In the first method, requesting the user to perform an action can include: requesting the user to turn the user's head in a different direction; and analyzing the user's face to verify the user identity while the user's face is looking at the different direction. Requesting the user to perform an action can also include: requesting the user o read out loud a text displayed on a displaying device; receiving an input audio data in response to requesting the user to read out loud the text; analyzing the input audio data to verify the user identity, using a voice verification engine; and transcribing the input audio data to verify that the text displayed is read correctly.

Still further, requesting the user to perform an action can include: requesting the user to follow audio or on-screen instructions; receiving an input audio data in response to requesting the user to follow audio or on-screen instructions; analyzing the input audio data to verify the user identity, using a voice verification engine; and transcribing the input audio data to verify that the user followed the audio or on-screen instructions.

Still further, requesting the user to perform an action can include: requesting the user to follow audio or on-screen instructions; receiving an input video data in response to requesting the user to follow audio or on-screen instructions; analyzing an input video data, using an object recognition engine, to verify that the user followed the audio or on-screen instructions.

The first method can further include analyzing the continuous video stream to verify the user identity using the facial identification engine while the user is following the audio or on-screen instructions. Requesting the user to follow audio or on-screen instructions can include requesting the user to perform a specific act with the user's hand, object, or a part of the user's face. The specific act can be a gesture with one or more of the user's hands or fingers or an action with a desktop object.

In the first method, the user can be allowed to change the user's password if the user identification is authenticated.

A second method for authenticating a user is also disclosed. The second method can include: verifying the user identity using a first mode, wherein the first mode is not an audio or video-based authentication mode; requesting the user to enable a real-time stream of data from the user's device; analyzing the real-time stream of data from the user's device to verify the user's identity using a first neural network; and authenticating the user based on results of the first mode and results from the first neural network.

In the second method, requesting the user to enable a real-time stream of data from the user's device can include providing the user with an instruction to perform an action. The instruction can include instructions to read a sentence, which can be orally or visually presented to the user. The instruction can also include instructions to perform an action in front of a camera. The instruction can also include instructions requesting the user to perform a specific act with the user's hand, object, or a portion of the user's face.

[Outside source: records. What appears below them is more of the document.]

(* The class of $(\circ,\wedge,\mathsf{A})$-algebras that are completely representable by partial functions is closed under (arbitrary) direct products.
   Context: A $(\circ,\wedge,\mathsf{A})$-algebra is a set with two binary operations $\circ,\wedge$ and one unary operation $\mathsf{A}$. An algebra of partial functions of this signature is a set of partial functions, with base $X$ the union of all their domains and ranges, closed under: composition $f\circ g=\{(x,z)\mid \exists y\,(x,y)\in f,(y,z)\in g\}$; intersection; antidomain $\mathsf{A}(f)=\{(x,x)\mid x\in X, x\notin\mathrm{dom}(f)\}$. A representation by partial functions is an isomorphism onto such an algebra. The order is $a\le b\iff a\wedge b=a$. A representation $\theta$ is complete if for every nonempty $S$ with $\bigwedge S$ existing, $\theta(\bigwedge S)=\bigcap\theta[S]$ (equivalently, for every $S$ with $\bigvee S$ existing, $\theta(\bigvee S)=\bigcup\theta[S]$). An algebra is completely representable if it has a complete representation. *)

theory Defs
  imports Main "HOL-Library.FuncSet"
begin

text \<open>An algebra of signature (composition, meet, antidomain): a carrier set with
  two binary operations and one unary operation (no axioms).\<close>
record 'a cwa =
  carrier :: "'a set"
  comp :: "'a \<Rightarrow> 'a \<Rightarrow> 'a"
  mt :: "'a \<Rightarrow> 'a \<Rightarrow> 'a"
  ad :: "'a \<Rightarrow> 'a"

definition is_cwa :: "'a cwa \<Rightarrow> bool" where
  "is_cwa A \<longleftrightarrow>
     (\<forall>a\<in>carrier A. \<forall>b\<in>carrier A. comp A a b \<in> carrier A \<and> mt A a b \<in> carrier A)
     \<and> (\<forall>a\<in>carrier A. ad A a \<in> carrier A)"

definition cwa_le :: "'a cwa \<Rightarrow> 'a \<Rightarrow> 'a \<Rightarrow> bool" where
  "cwa_le A a b \<longleftrightarrow> mt A a b = a"

definition is_meet :: "'a cwa \<Rightarrow> 'a set \<Rightarrow> 'a \<Rightarrow> bool" where
  "is_meet A S m \<longleftrightarrow> m \<in> carrier A \<and> (\<forall>s\<in>S. cwa_le A m s)
     \<and> (\<forall>c\<in>carrier A. (\<forall>s\<in>S. cwa_le A c s) \<longrightarrow> cwa_le A c m)"

definition partial_fun :: "('x \<times> 'x) set \<Rightarrow> bool" where
  "partial_fun f \<longleftrightarrow> (\<forall>x y z. (x, y) \<in> f \<longrightarrow> (x, z) \<in> f \<longrightarrow> y = z)"

definition base :: "('x \<times> 'x) set set \<Rightarrow> 'x set" where
  "base F = (\<Union>f\<in>F. Domain f \<union> Range f)"

definition antidom :: "'x set \<Rightarrow> ('x \<times> 'x) set \<Rightarrow> ('x \<times> 'x) set" where
  "antidom X f = {(x, x) | x. x \<in> X \<and> x \<notin> Domain f}"

definition pf_representation :: "'a cwa \<Rightarrow> ('a \<Rightarrow> ('x \<times> 'x) set) \<Rightarrow> bool" where
  "pf_representation A \<theta> \<longleftrightarrow>
     inj_on \<theta> (carrier A)
     \<and> (\<forall>a\<in>carrier A. partial_fun (\<theta> a))
     \<and> (\<forall>a\<in>carrier A. \<forall>b\<in>carrier A. \<theta> (comp A a b) = \<theta> a O \<theta> b)
     \<and> (\<forall>a\<in>carrier A. \<forall>b\<in>carrier A. \<theta> (mt A a b) = \<theta> a \<inter> \<theta> b)
     \<and> (\<forall>a\<in>carrier A. \<theta> (ad A a) = antidom (base (\<theta> ` carrier A)) (\<theta> a))"

definition complete_representation :: "'a cwa \<Rightarrow> ('a \<Rightarrow> ('x \<times> 'x) set) \<Rightarrow> bool" where
  "complete_representation A \<theta> \<longleftrightarrow> pf_representation A \<theta>
     \<and> (\<forall>S m. S \<subseteq> carrier A \<and> S \<noteq> {} \<and> is_meet A S m \<longrightarrow> \<theta> m = (\<Inter>s\<in>S. \<theta> s))"

text \<open>Completely representable, with representation base inside the type 'x.\<close>
definition completely_representable :: "'a cwa \<Rightarrow> 'x itself \<Rightarrow> bool" where
  "completely_representable A _ \<longleftrightarrow> (\<exists>\<theta> :: 'a \<Rightarrow> ('x \<times> 'x) set. complete_representation A \<theta>)"

definition direct_product :: "'i set \<Rightarrow> ('i \<Rightarrow> 'a cwa) \<Rightarrow> ('i \<Rightarrow> 'a) cwa" where
  "direct_product I A =
     \<lparr> carrier = (\<Pi>\<^sub>E i\<in>I. carrier (A i)),
       comp = (\<lambda>f g. \<lambda>i\<in>I. comp (A i) (f i) (g i)),
       mt = (\<lambda>f g. \<lambda>i\<in>I. mt (A i) (f i) (g i)),
       ad = (\<lambda>f. \<lambda>i\<in>I. ad (A i) (f i)) \<rparr>"

end

theory Submission
  imports Defs
begin

(* Given complete representations th i of the factors A i over bases X i, the
   product is represented over the disjoint union of the bases: an element f
   of the product acts on the summand {i} \<times> X i as th i (f i) does on X i. *)

definition sum_rel :: "'i set \<Rightarrow> ('i \<Rightarrow> ('x \<times> 'x) set) \<Rightarrow> (('i \<times> 'x) \<times> ('i \<times> 'x)) set" where
  "sum_rel I R = {((i, x), (i, y)) | i x y. i \<in> I \<and> (x, y) \<in> R i}"

lemma sum_rel_mem [simp]:
  "((i, x), (j, y)) \<in> sum_rel I R \<longleftrightarrow> i = j \<and> i \<in> I \<and> (x, y) \<in> R i"
  unfolding sum_rel_def by auto

lemma sum_rel_eq_iff:
  "sum_rel I R = sum_rel I S \<longleftrightarrow> (\<forall>i\<in>I. R i = S i)"
proof
  assume eq: "sum_rel I R = sum_rel I S"
  show "\<forall>i\<in>I. R i = S i"
  proof (intro ballI set_eqI)
    fix i p assume "i \<in> I"
    then show "p \<in> R i \<longleftrightarrow> p \<in> S i"
      using eq[THEN arg_cong[where f = "\<lambda>T. ((i, fst p), (i, snd p)) \<in> T"]] by simp
  qed
qed (auto simp: sum_rel_def)

lemma Domain_sum_rel: "Domain (sum_rel I R) = Sigma I (\<lambda>i. Domain (R i))"
  by (auto simp: sum_rel_def)

lemma Range_sum_rel: "Range (sum_rel I R) = Sigma I (\<lambda>i. Range (R i))"
  by (auto simp: sum_rel_def)

lemma sum_rel_relcomp: "sum_rel I R O sum_rel I S = sum_rel I (\<lambda>i. R i O S i)"
  by (auto simp: sum_rel_def)

lemma sum_rel_Int: "sum_rel I R \<inter> sum_rel I S = sum_rel I (\<lambda>i. R i \<inter> S i)"
  by (auto simp: sum_rel_def)

text \<open>Nonemptiness is needed: the empty intersection is the universal relation.\<close>
lemma sum_rel_INT:
  assumes "T \<noteq> {}"
  shows "(\<Inter>t\<in>T. sum_rel I (R t)) = sum_rel I (\<lambda>i. \<Inter>t\<in>T. R t i)"
  using assms by (auto simp: sum_rel_def)

lemma sum_rel_antidom:
  "antidom (Sigma I X) (sum_rel I R) = sum_rel I (\<lambda>i. antidom (X i) (R i))"
  by (auto simp: antidom_def Domain_sum_rel)

lemma partial_fun_sum_rel:
  assumes "\<forall>i\<in>I. partial_fun (R i)"
  shows "partial_fun (sum_rel I R)"
  using assms unfolding partial_fun_def sum_rel_def by blast

lemma direct_product_simps [simp]:
  "carrier (direct_product I A) = (\<Pi>\<^sub>E i\<in>I. carrier (A i))"
  "comp (direct_product I A) f g = (\<lambda>i\<in>I. comp (A i) (f i) (g i))"
  "mt (direct_product I A) f g = (\<lambda>i\<in>I. mt (A i) (f i) (g i))"
  "ad (direct_product I A) f = (\<lambda>i\<in>I. ad (A i) (f i))"
  by (simp_all add: direct_product_def)

lemma direct_product_is_cwa:
  assumes "\<forall>i\<in>I. is_cwa (A i)"
  shows "is_cwa (direct_product I A)"
  using assms unfolding is_cwa_def by (auto simp: PiE_iff)

lemma cwa_le_direct_product:
  assumes "f \<in> carrier (direct_product I A)"
  shows "cwa_le (direct_product I A) f g \<longleftrightarrow> (\<forall>i\<in>I. cwa_le (A i) (f i) (g i))"
proof -
  have "f \<in> extensional I" using assms by (simp add: PiE_iff)
  then show ?thesis
    unfolding cwa_le_def by (auto simp: fun_eq_iff restrict_def extensional_def)
qed

text \<open>A meet in the product projects to a meet in each factor: a lower bound c
  in the factor i is lifted to the product by replacing the i-th entry of the meet.\<close>
lemma is_meet_direct_product_component:
  assumes meet: "is_meet (direct_product I A) S m" and i: "i \<in> I"
  shows "is_meet (A i) ((\<lambda>s. s i) ` S) (m i)"
  unfolding is_meet_def
proof (intro conjI ballI impI)
  let ?P = "direct_product I A"
  have m: "m \<in> carrier ?P" and m_lb: "\<forall>s\<in>S. cwa_le ?P m s"
    using meet unfolding is_meet_def by auto
  then show "m i \<in> carrier (A i)" using i by auto
  show "cwa_le (A i) (m i) t" if "t \<in> (\<lambda>s. s i) ` S" for t
    using that m_lb i cwa_le_direct_product[OF m] by auto
  fix c assume c: "c \<in> carrier (A i)" and c_lb: "\<forall>t\<in>(\<lambda>s. s i) ` S. cwa_le (A i) c t"
  define c' where "c' = m(i := c)"
  have c': "c' \<in> carrier ?P" using m c i by (auto simp: c'_def PiE_iff extensional_def)
  have "cwa_le ?P c' s" if "s \<in> S" for s
    using that c_lb m_lb cwa_le_direct_product[OF m] cwa_le_direct_product[OF c']
    by (auto simp: c'_def)
  then have "cwa_le ?P c' m" using meet c' unfolding is_meet_def by blast
  then show "cwa_le (A i) c (m i)" using i cwa_le_direct_product[OF c'] by (auto simp: c'_def)
qed

definition product_rep :: "'i set \<Rightarrow> ('i \<Rightarrow> 'a \<Rightarrow> ('x \<times> 'x) set) \<Rightarrow> ('i \<Rightarrow> 'a) \<Rightarrow> (('i \<times> 'x) \<times> ('i \<times> 'x)) set" where
  "product_rep I th f = sum_rel I (\<lambda>i. th i (f i))"

text \<open>The base of the product representation is the disjoint union of the bases of
  the factors, provided the product is nonempty: any element of a factor occurs as
  a component of some element of the product.\<close>
lemma base_product_rep:
  assumes f: "f \<in> (\<Pi>\<^sub>E i\<in>I. carrier (A i))"
  shows "base (product_rep I th ` (\<Pi>\<^sub>E i\<in>I. carrier (A i)))
           = Sigma I (\<lambda>i. base (th i ` carrier (A i)))"
proof
  show "base (product_rep I th ` (\<Pi>\<^sub>E i\<in>I. carrier (A i))) \<subseteq> Sigma I (\<lambda>i. base (th i ` carrier (A i)))"
    by (fastforce simp: base_def product_rep_def Domain_sum_rel Range_sum_rel)
next
  show "Sigma I (\<lambda>i. base (th i ` carrier (A i))) \<subseteq> base (product_rep I th ` (\<Pi>\<^sub>E i\<in>I. carrier (A i)))"
  proof clarify
    fix i x assume i: "i \<in> I" and "x \<in> base (th i ` carrier (A i))"
    then obtain a where a: "a \<in> carrier (A i)" and x: "x \<in> Domain (th i a) \<union> Range (th i a)"
      unfolding base_def by auto
    have fa: "f(i := a) \<in> (\<Pi>\<^sub>E i\<in>I. carrier (A i))"
      using f a i by (auto simp: PiE_iff extensional_def)
    have "(i, x) \<in> Domain (product_rep I th (f(i := a))) \<union> Range (product_rep I th (f(i := a)))"
      using i x by (simp add: product_rep_def Domain_sum_rel Range_sum_rel)
    then show "(i, x) \<in> base (product_rep I th ` (\<Pi>\<^sub>E i\<in>I. carrier (A i)))"
      using fa unfolding base_def by blast
  qed
qed

lemma pf_representation_product:
  assumes rep: "\<forall>i\<in>I. pf_representation (A i) (th i)"
  shows "pf_representation (direct_product I A) (product_rep I th)"
  unfolding pf_representation_def
proof (intro conjI ballI)
  let ?P = "direct_product I A"
  have inj: "inj_on (th i) (carrier (A i))"
    and pf: "\<And>a. a \<in> carrier (A i) \<Longrightarrow> partial_fun (th i a)"
    and comp: "\<And>a b. a \<in> carrier (A i) \<Longrightarrow> b \<in> carrier (A i) \<Longrightarrow> th i (comp (A i) a b) = th i a O th i b"
    and mt: "\<And>a b. a \<in> carrier (A i) \<Longrightarrow> b \<in> carrier (A i) \<Longrightarrow> th i (mt (A i) a b) = th i a \<inter> th i b"
    and ad: "\<And>a. a \<in> carrier (A i) \<Longrightarrow> th i (ad (A i) a) = antidom (base (th i ` carrier (A i))) (th i a)"
    if "i \<in> I" for i
    using rep that unfolding pf_representation_def by blast+
  show "inj_on (product_rep I th) (carrier ?P)"
  proof (rule inj_onI)
    fix f g assume f: "f \<in> carrier ?P" and g: "g \<in> carrier ?P"
      and "product_rep I th f = product_rep I th g"
    then have "\<forall>i\<in>I. th i (f i) = th i (g i)" by (simp add: product_rep_def sum_rel_eq_iff)
    moreover have "f i \<in> carrier (A i)" "g i \<in> carrier (A i)" if "i \<in> I" for i
      using f g that by auto
    ultimately have "\<forall>i\<in>I. f i = g i" using inj by (blast dest: inj_onD)
    then show "f = g" using f g by (auto intro: extensionalityI simp: PiE_iff)
  qed
  fix f assume f: "f \<in> carrier ?P"
  then have fi: "\<And>i. i \<in> I \<Longrightarrow> f i \<in> carrier (A i)" by auto
  show "partial_fun (product_rep I th f)"
    unfolding product_rep_def using pf fi by (blast intro: partial_fun_sum_rel)
  show "product_rep I th (ad ?P f) = antidom (base (product_rep I th ` carrier ?P)) (product_rep I th f)"
    using f ad fi by (simp add: base_product_rep) (simp add: product_rep_def sum_rel_antidom sum_rel_eq_iff)
  fix g assume g: "g \<in> carrier ?P"
  then have gi: "\<And>i. i \<in> I \<Longrightarrow> g i \<in> carrier (A i)" by auto
  show "product_rep I th (comp ?P f g) = product_rep I th f O product_rep I th g"
    using comp fi gi by (simp add: product_rep_def sum_rel_relcomp sum_rel_eq_iff)
  show "product_rep I th (mt ?P f g) = product_rep I th f \<inter> product_rep I th g"
    using mt fi gi by (simp add: product_rep_def sum_rel_Int sum_rel_eq_iff)
qed

text \<open>Completeness transfers because meets in the product are computed componentwise
  and sum_rel commutes with nonempty intersections.\<close>
lemma complete_representation_product:
  assumes rep: "\<forall>i\<in>I. complete_representation (A i) (th i)"
  shows "complete_representation (direct_product I A) (product_rep I th)"
  unfolding complete_representation_def
proof (intro conjI allI impI)
  show "pf_representation (direct_product I A) (product_rep I th)"
    using rep by (simp add: complete_representation_def pf_representation_product)
  fix S m assume "S \<subseteq> carrier (direct_product I A) \<and> S \<noteq> {} \<and> is_meet (direct_product I A) S m"
  then have S: "S \<subseteq> carrier (direct_product I A)" "S \<noteq> {}" and meet: "is_meet (direct_product I A) S m"
    by auto
  have "th i (m i) = (\<Inter>s\<in>S. th i (s i))" if i: "i \<in> I" for i
  proof -
    have "(\<lambda>s. s i) ` S \<subseteq> carrier (A i)" using S i by auto
    then have "th i (m i) = (\<Inter>t\<in>(\<lambda>s. s i) ` S. th i t)"
      using rep i S(2) is_meet_direct_product_component[OF meet i]
      unfolding complete_representation_def by blast
    then show ?thesis by simp
  qed
  then show "product_rep I th m = (\<Inter>s\<in>S. product_rep I th s)"
    using S(2) by (simp add: product_rep_def sum_rel_INT sum_rel_eq_iff)
qed

theorem mainTheorem7:
  fixes I :: "'i set" and A :: "'i \<Rightarrow> 'a cwa"
  assumes "\<forall>i\<in>I. is_cwa (A i)"
    and "\<forall>i\<in>I. completely_representable (A i) TYPE('x)"
  shows "is_cwa (direct_product I A)
         \<and> completely_representable (direct_product I A) TYPE('i \<times> 'x)"
proof
  show "is_cwa (direct_product I A)" using assms(1) by (rule direct_product_is_cwa)
  obtain th :: "'i \<Rightarrow> 'a \<Rightarrow> ('x \<times> 'x) set"
    where "\<forall>i\<in>I. complete_representation (A i) (th i)"
    using assms(2) unfolding completely_representable_def by metis
  then have "complete_representation (direct_product I A) (product_rep I th)"
    by (rule complete_representation_product)
  then show "completely_representable (direct_product I A) TYPE('i \<times> 'x)"
    unfolding completely_representable_def by blast
qed

end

The second method can further include analyzing the video stream to verify the user identity using a facial identification engine while the user is performing the action in front of the camera.

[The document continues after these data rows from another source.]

(* Let $L$ be a countable C-lattice domain in which every element is a join of principal elements. If $L$ is pseudo-Dedekind and Prüfer, then $L$ has finite character.
   Context: A multiplicative lattice is a complete lattice $(L,\le)$ with bottom $0$ and top $1$ which is also a commutative monoid with identity $1$ such that $a(\bigvee_\alpha b_\alpha)=\bigvee_\alpha(ab_\alpha)$ for all $a,b_\alpha\in L$. For $x,y\in L$, $(y:x)=\bigvee\{a\in L: ax\le y\}$. An element $c$ is compact if $c\le\bigvee S$ implies $c\le\bigvee T$ for some finite $T\subseteq S$. A C-lattice is a multiplicative lattice in which $1$ is compact, the product of two compact elements is compact, and every element is a join of compact elements. A proper element $p\ne1$ is prime if $xy\le p$ implies $x\le p$ or $y\le p$; maximal elements are maximal in $L\setminus\{1\}$; $L$ is a domain if $0$ is prime. An element $x$ is principal if $y\wedge zx=((y:x)\wedge z)x$ and $y\vee(z:x)=((yx\vee z):x)$ for all $y,z\in L$. $L$ is pseudo-Dedekind if $(x:a)$ is principal whenever $x,a\in L$ and $x$ is principal; $L$ is Prüfer if every compact element is principal; $L$ has finite character if every nonzero element is below only finitely many maximal elements. *)

theory Defs
  imports Main "HOL-Library.Countable_Set"
begin

text \<open>A multiplicative lattice: the ambient type is a complete lattice (bottom 0 = bot,
top 1 = top) and mult is a commutative monoid operation with identity top that
distributes over arbitrary joins.\<close>

definition mult_lattice :: "('a::complete_lattice \<Rightarrow> 'a \<Rightarrow> 'a) \<Rightarrow> bool" where
  "mult_lattice mult \<longleftrightarrow>
     (\<forall>a b c. mult (mult a b) c = mult a (mult b c)) \<and>
     (\<forall>a b. mult a b = mult b a) \<and>
     (\<forall>a. mult a top = a) \<and>
     (\<forall>a B. mult a (Sup B) = Sup (mult a ` B))"

definition res :: "('a::complete_lattice \<Rightarrow> 'a \<Rightarrow> 'a) \<Rightarrow> 'a \<Rightarrow> 'a \<Rightarrow> 'a" where
  "res mult y x = Sup {a. mult a x \<le> y}"

definition lat_compact :: "'a::complete_lattice \<Rightarrow> bool" where
  "lat_compact c \<longleftrightarrow> (\<forall>S. c \<le> Sup S \<longrightarrow> (\<exists>T. T \<subseteq> S \<and> finite T \<and> c \<le> Sup T))"

definition C_lattice :: "('a::complete_lattice \<Rightarrow> 'a \<Rightarrow> 'a) \<Rightarrow> bool" where
  "C_lattice mult \<longleftrightarrow> mult_lattice mult \<and> lat_compact (top::'a) \<and>
     (\<forall>a b. lat_compact a \<and> lat_compact b \<longrightarrow> lat_compact (mult a b)) \<and>
     (\<forall>x::'a. \<exists>S. (\<forall>s\<in>S. lat_compact s) \<and> x = Sup S)"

A first system for authenticating a user can include a memory; and one or more processors coupled to the memory. The memory can include instructions, when executed by the one or more processors, can cause the one or more processors to: verify the user identity using a first mode, where the first mode comprises one of a password verification process, a fingerprint verification process, a voice verification process, or a iris verification process; analyze a continuous video stream of the user, using a facial identification engine, to verify the user identity; request the user to perform an action while maintaining the continuous video stream; analyze the continuous video stream to verify that the requested action is performed by the user using a second engine; and authenticate the user based on results of the first mode, the facial identification engine, and the second engine.